ASSIGNMENT:
Your answer should be every line below that includes the word "unfolding".

INPUT FOR THIS TASK:
▼
lemma replace_overlap_letter_mem_end_occs_only:
  assumes s: "s \<in> overlapped_ends \<Omega> w n" and n: "2 * length w < n" and "set w \<subseteq> \<Omega>"
    and c: "c \<in> \<Omega>" "c \<notin> overlap_letters w (drop (Suc (length w)) s)"
  shows "w @ c # drop (Suc (length w)) s \<in> end_occs_only \<Omega> w n"
proof -
  define k where "k = length w"
  define y where "y = drop (Suc k) s"
  have s_split: "s = w @ s ! k # y"
    using overlapped_ends_split(1)[OF s n] unfolding k_def y_def .
  have len_s: "length s = n" and "set s \<subseteq> \<Omega>"
    using s by (auto simp: overlapped_ends_def)
  have occ_s_end: "occurs_at w s p \<longleftrightarrow> p = n - k" if "k < p" for p
  proof
    assume occ: "occurs_at w s p"
    then have "p + k \<le> n" using len_s by (simp add: occurs_at_def k_def)
    moreover have "\<not> (k \<le> p \<and> p < n - k)"
      using s occ unfolding overlapped_ends_def k_def by blast
    ultimately show "p = n - k" using that by arith
  next
    assume "p = n - k"
    then show "occurs_at w s p" using s by (simp add: overlapped_ends_def k_def)
  qed
  have "occurs_at w (w @ c # y) p \<longleftrightarrow> p = 0 \<or> p = n - k" for p
  proof (cases "k < p")
    case True
    have "occurs_at w (w @ c # y) p \<longleftrightarrow> occurs_at w (w @ s ! k # y) p"
      using occurs_at_past_letter[of w p] True by (simp add: k_def)
    also have "\<dots> \<longleftrightarrow> occurs_at w s p"
      by (simp only: s_split[symmetric])
    finally show ?thesis
      using occ_s_end[OF True] True by simp
  next
    case False
    have "\<not> occurs_at w (w @ c # y) p" if "0 < p"
      using c(2) that False not_less unfolding overlap_letters_def k_def y_def by blast
    then show ?thesis
      using False n by (cases "p = 0") (auto simp: occurs_at_0_iff k_def)
  qed
  moreover have "length (w @ c # y) = n" and "set (w @ c # y) \<subseteq> \<Omega>"
    using len_s n \<open>set s \<subseteq> \<Omega>\<close> \<open>set w \<subseteq> \<Omega>\<close> c(1) set_drop_subset[of "Suc k" s]
    by (auto simp: y_def k_def)
  ultimately show ?thesis
    unfolding end_occs_only_def k_def y_def by blast
qed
▲
ANSWER TO THE PROBLEM:
    using overlapped_ends_split(1)[OF s n] unfolding k_def y_def .
      using s occ unfolding overlapped_ends_def k_def by blast
      using c(2) that False not_less unfolding overlap_letters_def k_def y_def by blast
    unfolding end_occs_only_def k_def y_def by blast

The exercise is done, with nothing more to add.